而且,理論上說,大長公主的要求並不過分。
所以錢元寶被放了。
錢元寶前腳跟著大長公主走了,後腳晉國公就知道了。
“欺人太甚!”晉國公暴跳如雷,“父親,兒子心裏有預感,這事兒跟大長公主脫不開幹係。”
“證據呢?這種事兒沒有證據,憑預感怎麽站得住腳?即便是陛下站在我們這邊兒,沒有證據,他也沒辦法攀扯到大長公主身上。為父的人查過了,那幾天,大長公主府一切如常。”老晉國公道,“許是這門親事,臨清也不滿意,所以才離家的。等他想明白了,說不得就回來了。”

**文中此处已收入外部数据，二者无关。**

(* Let $0<p,r,p_1,r_1,q\leqslant\infty$ and $0<\alpha<\infty$. Suppose that for all $k\in\mathbb Z$ and all $u$, $f$, $$\|D^\alpha\Box_kW(t)u\|_{L_x^pL_t^r}\lesssim\|\Box_ku\|_{L^q},\qquad \|D^\alpha\Box_k\mathscr Af\|_{L_x^pL_t^r}\lesssim\|\Box_kf\|_{L_x^{p_1}L_t^{r_1}}.$$ Then for all $j,k\in\mathbb Z$, $$\|D^\alpha\Box_{j,k}W(t)u\|_{L_x^pL_t^r}\lesssim 2^{j\delta}\|\Box_{j,k}u\|_{L^q},\qquad \|D^\alpha\Box_{j,k}\mathscr Af\|_{L_x^pL_t^r}\lesssim 2^{j\tau}\|\Box_{j,k}f\|_{L_x^{p_1}L_t^{r_1}},$$ where $\delta=\alpha-4/r-1/p+1/q$ and $\tau=\alpha-4-4/r-1/p+4/r_1+1/p_1$.
   Context: Functions are on $\mathbb R$ in $x$; $t\in\mathbb R$. $D^\alpha f=\mathcal F^{-1}|\xi|^\alpha\hat f$, $W(t)=\mathcal F^{-1}e^{it\xi^4}\mathcal F$, $\mathscr Af(t)=\int_0^tW(t-s)f(s)\,ds$. Let $\sigma$ be a smooth cut-off function adapted to $[-1/2,1/2]$, vanishing outside $[-3/4,3/4]$, with $\sum_{k\in\mathbb Z}\sigma(\xi-k)\equiv1$; $\Box_{j,k}=\mathcal F^{-1}\sigma(2^{-j}\cdot-k)\mathcal F$ (in $x$) and $\Box_k=\Box_{0,k}$. Mixed norm: $\|u\|_{L^a_xL^b_t}=\big\|\,\|u(t,x)\|_{L^b_t}\big\|_{L^a_x}$. Implicit constants are independent of $j,k,u,f$. *)

theory Defs
  imports "HOL-Analysis.Analysis"
begin

definition schwartz1 :: "(real \<Rightarrow> complex) \<Rightarrow> bool" where
  "schwartz1 u \<longleftrightarrow> (\<exists>D::nat \<Rightarrow> real \<Rightarrow> complex. D 0 = u \<and>
     (\<forall>n x. (D n has_vector_derivative D (Suc n) x) (at x)) \<and>
     (\<forall>m n. bounded (range (\<lambda>x. ((1 + \<bar>x\<bar>) ^ m) *\<^sub>R D n x))))"

text \<open>Schwartz functions of (t,x) in the plane, written as curried functions f t x;
  D a b is the partial derivative of order a in t and b in x.\<close>
definition schwartz2 :: "(real \<Rightarrow> real \<Rightarrow> complex) \<Rightarrow> bool" where
  "schwartz2 f \<longleftrightarrow> (\<exists>D::nat \<Rightarrow> nat \<Rightarrow> real \<Rightarrow> real \<Rightarrow> complex. D 0 0 = f \<and>
     (\<forall>a b t x. ((\<lambda>s. D a b s x) has_vector_derivative D (Suc a) b t x) (at t)) \<and>
     (\<forall>a b t x. ((\<lambda>y. D a b t y) has_vector_derivative D a (Suc b) t x) (at x)) \<and>
     (\<forall>m a b. bounded (range (\<lambda>(t, x). ((1 + \<bar>t\<bar> + \<bar>x\<bar>) ^ m) *\<^sub>R D a b t x))))"

definition fourier :: "(real \<Rightarrow> complex) \<Rightarrow> real \<Rightarrow> complex" where
  "fourier u \<xi> = (LINT x|lborel. cis (- (x * \<xi>)) * u x)"

definition inv_fourier :: "(real \<Rightarrow> complex) \<Rightarrow> real \<Rightarrow> complex" where
  "inv_fourier g x = complex_of_real (1 / (2 * pi)) * (LINT \<xi>|lborel. cis (x * \<xi>) * g \<xi>)"

text \<open>Fourier multiplier of \<open>\<box>\<^sub>j\<^sub>,\<^sub>k\<close>: \<open>\<sigma>(2^{-j}\<xi> - k)\<close>.\<close>
definition boxsym :: "(real \<Rightarrow> real) \<Rightarrow> int \<Rightarrow> int \<Rightarrow> real \<Rightarrow> real" where
  "boxsym \<sigma> j k \<xi> = \<sigma> (2 powr (- real_of_int j) * \<xi> - real_of_int k)"

definition box :: "(real \<Rightarrow> real) \<Rightarrow> int \<Rightarrow> int \<Rightarrow> (real \<Rightarrow> complex) \<Rightarrow> real \<Rightarrow> complex" where
  "box \<sigma> j k u = inv_fourier (\<lambda>\<xi>. complex_of_real (boxsym \<sigma> j k \<xi>) * fourier u \<xi>)"

text \<open>\<open>(D^\<alpha> \<box>\<^sub>j\<^sub>,\<^sub>k W(t) u)(x)\<close>, as a function of t and x.\<close>
definition DboxW :: "real \<Rightarrow> (real \<Rightarrow> real) \<Rightarrow> int \<Rightarrow> int \<Rightarrow> (real \<Rightarrow> complex)
    \<Rightarrow> real \<Rightarrow> real \<Rightarrow> complex" where
  "DboxW \<alpha> \<sigma> j k u t = inv_fourier (\<lambda>\<xi>. complex_of_real (\<bar>\<xi>\<bar> powr \<alpha> * boxsym \<sigma> j k \<xi>)
       * cis (t * \<xi> ^ 4) * fourier u \<xi>)"

text \<open>\<open>(D^\<alpha> \<box>\<^sub>j\<^sub>,\<^sub>k \<A>f)(t,x)\<close> with \<open>\<A>f(t) = \<integral>\<^sub>0\<^sup>t W(t-s) f(s) ds\<close>
  (oriented integral), f given as f s x.\<close>
definition DboxA :: "real \<Rightarrow> (real \<Rightarrow> real) \<Rightarrow> int \<Rightarrow> int \<Rightarrow> (real \<Rightarrow> real \<Rightarrow> complex)
    \<Rightarrow> real \<Rightarrow> real \<Rightarrow> complex" where
  "DboxA \<alpha> \<sigma> j k f t = inv_fourier (\<lambda>\<xi>. complex_of_real (\<bar>\<xi>\<bar> powr \<alpha> * boxsym \<sigma> j k \<xi>)
       * (LBINT s=0..t. cis ((t - s) * \<xi> ^ 4) * fourier (f s) \<xi>))"

definition epow :: "ennreal \<Rightarrow> real \<Rightarrow> ennreal" where
  "epow x a = (if x = top then top else ennreal (enn2real x powr a))"

definition Lnorm :: "ennreal \<Rightarrow> (real \<Rightarrow> ennreal) \<Rightarrow> ennreal" where
  "Lnorm p g = (if p = top then Inf {c. AE x in lborel. g x \<le> c}
     else epow (\<integral>\<^sup>+ x. epow (g x) (enn2real p) \<partial>lborel) (1 / enn2real p))"

definition Lq :: "ennreal \<Rightarrow> (real \<Rightarrow> complex) \<Rightarrow> ennreal" where
  "Lq q u = Lnorm q (\<lambda>x. ennreal (norm (u x)))"

text \<open>Mixed norm \<open>\<parallel>F\<parallel>_{L^p_x L^r_t}\<close> of F given as F t x.\<close>
definition mixnorm :: "ennreal \<Rightarrow> ennreal \<Rightarrow> (real \<Rightarrow> real \<Rightarrow> complex) \<Rightarrow> ennreal" where
  "mixnorm p r F = Lnorm p (\<lambda>x. Lnorm r (\<lambda>t. ennreal (norm (F t x))))"

text \<open>Reciprocal of an exponent, with \<open>1/\<infinity> = 0\<close>.\<close>
definition rcp :: "ennreal \<Rightarrow> real" where
  "rcp p = enn2real (inverse p)"

end

theory Submission
  imports Defs
begin

text \<open>The parabolic dilation \<open>x \<mapsto> 2^j x\<close>, \<open>t \<mapsto> 2^{4j} t\<close> conjugates the dyadic
  operators to the case \<open>j = 0\<close>: with \<open>u\<^sub>j(y) = u(2^{-j} y)\<close> one has
  \<open>\<box>\<^sub>j\<^sub>,\<^sub>k u(x) = \<box>\<^sub>0\<^sub>,\<^sub>k u\<^sub>j(2^j x)\<close> and
  \<open>D^\<alpha> \<box>\<^sub>j\<^sub>,\<^sub>k W(t) u(x) = 2^{j\<alpha>} (D^\<alpha> \<box>\<^sub>0\<^sub>,\<^sub>k W(2^{4j} t) u\<^sub>j)(2^j x)\<close>, while the
  Duhamel term picks up an extra \<open>2^{-4j}\<close> from \<open>ds\<close>. Dilating the variables costs
  \<open>2^{-j/p}\<close> in \<open>L^p_x\<close> and \<open>2^{-4j/r}\<close> in \<open>L^r_t\<close>, and the Schwartz classes are invariant
  under dilations, so the \<open>j = 0\<close> estimates applied to \<open>u\<^sub>j\<close> yield the stated powers of 2.\<close>

section \<open>Dilations of Lebesgue measure\<close>

text \<open>\<open>Lnorm\<close> is applied to arbitrary, possibly non-measurable functions, so the scaling laws
  of Lebesgue measure are needed without the measurability hypotheses of the library versions.\<close>

lemma AE_lborel_real_affine:
  fixes c t :: real
  assumes "c \<noteq> 0" and "AE x in lborel. P x"
  shows "AE x in lborel. P (t + c * x)"
proof -
  obtain N where N: "{x \<in> space lborel. \<not> P x} \<subseteq> N" "N \<in> sets borel" "emeasure lborel N = 0"
    using assms(2) by (auto elim!: AE_E)
  have "AE x in lborel. x \<notin> N"
    using N by (intro AE_I'[of N]) auto
  then have "AE x in lborel. t + c * x \<notin> N"
    using assms(1) N(2) by (intro AE_borel_affine) auto
  then show ?thesis
    by (rule eventually_mono) (use N(1) in auto)
qed

lemma nn_integral_le_by_measurable:
  assumes "\<And>g. g \<in> borel_measurable M \<Longrightarrow> g \<le> f \<Longrightarrow> integral\<^sup>N M g \<le> B"
  shows "integral\<^sup>N M f \<le> B"
  unfolding nn_integral_def[of M f]
proof (rule SUP_least, clarify)
  fix g assume g: "simple_function M g" "g \<le> f"
  then have "integral\<^sup>N M g \<le> B"
    by (intro assms borel_measurable_simple_function)
  then show "integral\<^sup>S M g \<le> B"
    using nn_integral_eq_simple_integral[OF g(1)] by simp
qed

lemma ennreal_inverse_cancel:
  fixes b :: real assumes "b > 0"
  shows "ennreal (1 / b) * (ennreal b * x) = x" "ennreal b * (ennreal (1 / b) * x) = x"
  using assms by (simp_all add: mult.assoc[symmetric] ennreal_mult[symmetric])

lemma ennreal_cmult_le_iff:
  fixes b :: real assumes "b > 0"
  shows "ennreal b * x \<le> y \<longleftrightarrow> x \<le> ennreal (1 / b) * y"
  using ennreal_mult_le_mult_iff[of "ennreal b" x "ennreal (1 / b) * y"] assms
  by (simp add: ennreal_inverse_cancel)

lemma nn_integral_ennreal_cmult:
  fixes b :: real
  assumes b: "b > 0"
  shows "(\<integral>\<^sup>+x. ennreal b * f x \<partial>M) = ennreal b * integral\<^sup>N M f"
proof (rule antisym)
  show "(\<integral>\<^sup>+x. ennreal b * f x \<partial>M) \<le> ennreal b * integral\<^sup>N M f"
  proof (rule nn_integral_le_by_measurable)
    fix g assume g: "g \<in> borel_measurable M" "g \<le> (\<lambda>x. ennreal b * f x)"
    have "integral\<^sup>N M g = ennreal b * (\<integral>\<^sup>+x. ennreal (1 / b) * g x \<partial>M)"
      using g(1) b by (simp add: nn_integral_cmult ennreal_inverse_cancel)
    also have "\<dots> \<le> ennreal b * integral\<^sup>N M f"
      using g(2) b by (intro mult_left_mono nn_integral_mono) (auto simp: le_fun_def ennreal_cmult_le_iff)
    finally show "integral\<^sup>N M g \<le> ennreal b * integral\<^sup>N M f" .
  qed
  have "integral\<^sup>N M f \<le> ennreal (1 / b) * (\<integral>\<^sup>+x. ennreal b * f x \<partial>M)"
  proof (rule nn_integral_le_by_measurable)
    fix g assume g: "g \<in> borel_measurable M" "g \<le> f"
    have "integral\<^sup>N M g = ennreal (1 / b) * (\<integral>\<^sup>+x. ennreal b * g x \<partial>M)"
      using g(1) b by (simp add: nn_integral_cmult ennreal_inverse_cancel)
    also have "\<dots> \<le> ennreal (1 / b) * (\<integral>\<^sup>+x. ennreal b * f x \<partial>M)"
      using g(2) by (intro mult_left_mono nn_integral_mono) (auto simp: le_fun_def)
    finally show "integral\<^sup>N M g \<le> ennreal (1 / b) * (\<integral>\<^sup>+x. ennreal b * f x \<partial>M)" .
  qed
  then show "ennreal b * integral\<^sup>N M f \<le> (\<integral>\<^sup>+x. ennreal b * f x \<partial>M)"
    using b by (simp add: ennreal_cmult_le_iff)
qed

lemma nn_integral_lborel_real_affine:
  fixes c t :: real and f :: "real \<Rightarrow> ennreal"
  assumes c: "c \<noteq> 0"
  shows "(\<integral>\<^sup>+x. f x \<partial>lborel) = ennreal \<bar>c\<bar> * (\<integral>\<^sup>+x. f (t + c * x) \<partial>lborel)"
proof (rule antisym)
  show "(\<integral>\<^sup>+x. f x \<partial>lborel) \<le> ennreal \<bar>c\<bar> * (\<integral>\<^sup>+x. f (t + c * x) \<partial>lborel)"
  proof (rule nn_integral_le_by_measurable)
    fix g :: "real \<Rightarrow> ennreal"
    assume g: "g \<in> borel_measurable lborel" "g \<le> f"
    then have "integral\<^sup>N lborel g = ennreal \<bar>c\<bar> * (\<integral>\<^sup>+x. g (t + c * x) \<partial>lborel)"
      using c by (intro nn_integral_real_affine) auto
    also have "\<dots> \<le> ennreal \<bar>c\<bar> * (\<integral>\<^sup>+x. f (t + c * x) \<partial>lborel)"
      using g(2) by (intro mult_left_mono nn_integral_mono) (auto simp: le_fun_def)
    finally show "integral\<^sup>N lborel g \<le> ennreal \<bar>c\<bar> * (\<integral>\<^sup>+x. f (t + c * x) \<partial>lborel)" .
  qed
  have "(\<integral>\<^sup>+x. f (t + c * x) \<partial>lborel) \<le> ennreal (1 / \<bar>c\<bar>) * (\<integral>\<^sup>+x. f x \<partial>lborel)"
  proof (rule nn_integral_le_by_measurable)
    fix g :: "real \<Rightarrow> ennreal"
    assume g: "g \<in> borel_measurable lborel" "g \<le> (\<lambda>x. f (t + c * x))"
    have "integral\<^sup>N lborel g = ennreal \<bar>1 / c\<bar> * (\<integral>\<^sup>+x. g (- t / c + (1 / c) * x) \<partial>lborel)"
      using g(1) c by (intro nn_integral_real_affine) auto
    then have "integral\<^sup>N lborel g = ennreal (1 / \<bar>c\<bar>) * (\<integral>\<^sup>+x. g (- t / c + (1 / c) * x) \<partial>lborel)"
      by simp
    also have "\<dots> \<le> ennreal (1 / \<bar>c\<bar>) * (\<integral>\<^sup>+x. f x \<partial>lborel)"
    proof (intro mult_left_mono nn_integral_mono)
      fix x
      have "t + c * (- t / c + 1 / c * x) = x"
        using c by (simp add: field_simps)
      then show "g (- t / c + 1 / c * x) \<le> f x"
        using le_funD[OF g(2), of "- t / c + 1 / c * x"] by simp
    qed simp
    finally show "integral\<^sup>N lborel g \<le> ennreal (1 / \<bar>c\<bar>) * (\<integral>\<^sup>+x. f x \<partial>lborel)" .
  qed
  then show "ennreal \<bar>c\<bar> * (\<integral>\<^sup>+x. f (t + c * x) \<partial>lborel) \<le> (\<integral>\<^sup>+x. f x \<partial>lborel)"
    using c by (simp add: ennreal_cmult_le_iff)
qed

lemma INF_ennreal_cmult:
  fixes b :: real assumes b: "b > 0"
  shows "(INF c\<in>S. ennreal b * c) = ennreal b * Inf S"
proof (rule antisym)
  have "ennreal (1 / b) * (INF c\<in>S. ennreal b * c) \<le> Inf S"
  proof (rule Inf_greatest)
    fix s assume "s \<in> S"
    then have "ennreal (1 / b) * (INF c\<in>S. ennreal b * c) \<le> ennreal (1 / b) * (ennreal b * s)"
      by (intro mult_left_mono INF_lower) auto
    then show "ennreal (1 / b) * (INF c\<in>S. ennreal b * c) \<le> s"
      using b by (simp add: ennreal_inverse_cancel)
  qed
  then show "(INF c\<in>S. ennreal b * c) \<le> ennreal b * Inf S"
    using ennreal_cmult_le_iff[of "1 / b"] b by simp
  show "ennreal b * Inf S \<le> (INF c\<in>S. ennreal b * c)"
    by (intro INF_greatest mult_left_mono Inf_lower) auto
qed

晉國公沒有這麽樂觀,他總覺得,兒子可能永遠回不來了。
“繼續懸賞。”老晉國公道。
萬一就有人看見過人呢?
從懸賞開始,確實時不時的有人來送線索,為的是拿銀子。可到最後,都是一些假線索。
——
大長公主府。
穎貞縣主垂著頭站在大長公主麵前,聲音小的跟蚊子似的,“母親,女兒以後再也不自作主張了。”
大長公主不理會她。
“殿下,一切都是因為晚輩,您就別責怪縣主了。”錢元寶求情。
如今他已經從穎貞那裏得知了事情的始末,心裏十分感激穎貞,若不是她的人及時出現幫忙,說不得謝芸芸這會兒已經事發了。畢竟,官府的人去過白雲寺,還翻了個底朝天。如果留下什麽蛛絲馬跡,許是會被發現。
“你們這是在我麵前上演情深義重?”大長公主冷哼。
穎貞的人確實有點兒本事,處理的還不錯,可還是有跡可循,要不是她的人給掃尾了,說不得這會兒已經被察覺了。老晉國公是愚蠢了點兒,可不代表他手裏沒人。
“母親,我隻是不願意嫁給晉臨清。”穎貞跺腳。
“可你選擇了最下乘的法子。”大長公主毫不留情的說,“行了,別跟我這兒做樣子了。你是我生的,我還不知道你這會兒心裏已經樂開花了?陛下已經賜婚,所以,就算晉臨清人沒了,這門親事隻要陛下那裏不鬆口,也難以取消。”
“那怎麽辦?”穎貞縣主傻眼。
“要不說你選了最下乘的法子嗎?就看在晉國公府連沒了兩個兒子的遭遇,陛下也得給晉國公府留幾分體麵。可人若是還在,就有許多法子能叫他們跟陛下離心,到時候,這門親事取消也是水到渠成。現在,隻能走一步看一步了。”大長公主道。
穎貞很憋屈,錢元寶趕緊小聲安慰。
“行了,行了,別在我眼前杵著了,該幹嘛幹嘛去。”大長公主有些不耐。
“那晚輩告辭。”
“女兒去送送錢元寶。”
兩人一塊兒開口。
大長公主揮揮手,示意他們有多快走多快。
“你要不要去探望下謝芸芸?”穎貞縣主問。
錢元寶搖搖頭,“不知道有多少人盯著呢,到時候沒來由又惹出許多事端來。”
“你不惦記著了?”穎貞問。
“作為朋友,會擔心。”錢元寶如實道,“我是希望她以後都好好的。至於我如今的心意,穎貞,我從未欺騙於你,對你,沒有一見鍾情,但是了解你的越多,我心裏就越放不下你。還有,謝芸芸的事兒,謝謝你。”
若不是因為他,穎貞又怎麽會出手?
穎貞笑,臉頰露出小酒窩,“我們之間還用的著說謝字嗎?”
錢元寶第一次十分主動的握住了穎貞的手,“那就不說謝,我會努力的。”
努力的把他們之間的後顧之憂都處理好,然後風風光光的求娶。
“我相信你。”穎貞臉頰有些泛紅,“你趕緊忙去吧。”
錢元寶鬆開手,自然的幫著穎貞把鬢邊的碎發別到了耳後,“那我走了。殿下那裏,你乖巧點兒。”
“知道啦。”穎貞尾音拉長,“我母親就是刀子嘴豆腐心,你不用擔心。”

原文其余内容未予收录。